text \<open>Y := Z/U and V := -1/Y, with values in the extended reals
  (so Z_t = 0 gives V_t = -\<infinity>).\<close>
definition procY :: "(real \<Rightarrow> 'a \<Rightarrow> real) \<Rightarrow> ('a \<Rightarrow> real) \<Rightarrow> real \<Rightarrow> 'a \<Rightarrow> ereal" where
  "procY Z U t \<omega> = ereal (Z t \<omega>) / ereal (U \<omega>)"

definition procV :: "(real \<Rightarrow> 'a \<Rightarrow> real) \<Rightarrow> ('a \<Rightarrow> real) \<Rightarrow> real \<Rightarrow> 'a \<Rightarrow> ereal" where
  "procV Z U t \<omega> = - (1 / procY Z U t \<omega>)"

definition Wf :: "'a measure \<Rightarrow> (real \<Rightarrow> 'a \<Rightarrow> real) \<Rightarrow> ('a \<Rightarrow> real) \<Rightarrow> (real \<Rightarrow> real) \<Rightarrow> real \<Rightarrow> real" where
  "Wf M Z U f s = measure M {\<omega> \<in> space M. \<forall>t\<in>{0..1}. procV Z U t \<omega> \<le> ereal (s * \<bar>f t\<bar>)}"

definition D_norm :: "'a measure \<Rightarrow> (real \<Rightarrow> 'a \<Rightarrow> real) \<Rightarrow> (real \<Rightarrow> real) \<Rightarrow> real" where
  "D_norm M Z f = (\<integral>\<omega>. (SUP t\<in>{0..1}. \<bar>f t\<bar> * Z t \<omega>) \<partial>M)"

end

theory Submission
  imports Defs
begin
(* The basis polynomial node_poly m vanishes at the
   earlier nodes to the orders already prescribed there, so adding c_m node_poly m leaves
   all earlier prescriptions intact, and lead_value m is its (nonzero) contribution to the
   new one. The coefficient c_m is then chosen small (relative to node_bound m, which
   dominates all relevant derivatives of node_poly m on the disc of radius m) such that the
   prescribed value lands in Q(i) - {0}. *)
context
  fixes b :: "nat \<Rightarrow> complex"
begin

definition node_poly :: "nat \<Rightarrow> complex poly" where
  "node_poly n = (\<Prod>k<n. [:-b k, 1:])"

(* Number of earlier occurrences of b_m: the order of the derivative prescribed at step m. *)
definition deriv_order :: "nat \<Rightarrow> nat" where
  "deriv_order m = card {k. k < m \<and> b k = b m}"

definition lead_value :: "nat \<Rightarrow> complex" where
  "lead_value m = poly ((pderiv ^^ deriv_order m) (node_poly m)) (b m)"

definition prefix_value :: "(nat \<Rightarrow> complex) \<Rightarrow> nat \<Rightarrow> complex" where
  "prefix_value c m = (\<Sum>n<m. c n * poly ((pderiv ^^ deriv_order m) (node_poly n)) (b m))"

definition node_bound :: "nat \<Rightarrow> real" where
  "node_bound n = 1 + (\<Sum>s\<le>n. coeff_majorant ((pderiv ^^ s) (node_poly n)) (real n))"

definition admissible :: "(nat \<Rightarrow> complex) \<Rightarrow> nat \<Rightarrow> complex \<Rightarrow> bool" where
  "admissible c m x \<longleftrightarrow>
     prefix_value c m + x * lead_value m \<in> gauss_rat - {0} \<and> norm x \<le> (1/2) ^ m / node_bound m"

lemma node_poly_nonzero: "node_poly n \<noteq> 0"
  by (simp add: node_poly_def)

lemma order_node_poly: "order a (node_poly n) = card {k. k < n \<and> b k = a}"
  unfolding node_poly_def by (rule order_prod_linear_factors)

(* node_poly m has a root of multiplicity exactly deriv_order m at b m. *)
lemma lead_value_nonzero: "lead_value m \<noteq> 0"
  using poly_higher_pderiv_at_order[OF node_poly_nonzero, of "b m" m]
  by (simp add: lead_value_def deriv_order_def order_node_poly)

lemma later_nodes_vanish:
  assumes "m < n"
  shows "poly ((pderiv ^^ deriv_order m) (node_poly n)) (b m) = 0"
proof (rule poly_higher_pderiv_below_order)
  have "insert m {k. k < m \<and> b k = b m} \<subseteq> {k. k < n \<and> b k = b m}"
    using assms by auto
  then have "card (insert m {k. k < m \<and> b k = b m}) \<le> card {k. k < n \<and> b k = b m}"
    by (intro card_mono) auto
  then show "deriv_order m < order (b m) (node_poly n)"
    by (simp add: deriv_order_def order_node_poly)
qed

^^^^^^^^^^^^^^^^

▶ **WHAT YOU HAVE TO DO**: Copy each line in the data that holds the word "noteq".

▶ **REPLY**:
lemma node_poly_nonzero: "node_poly n \<noteq> 0"
lemma lead_value_nonzero: "lead_value m \<noteq> 0"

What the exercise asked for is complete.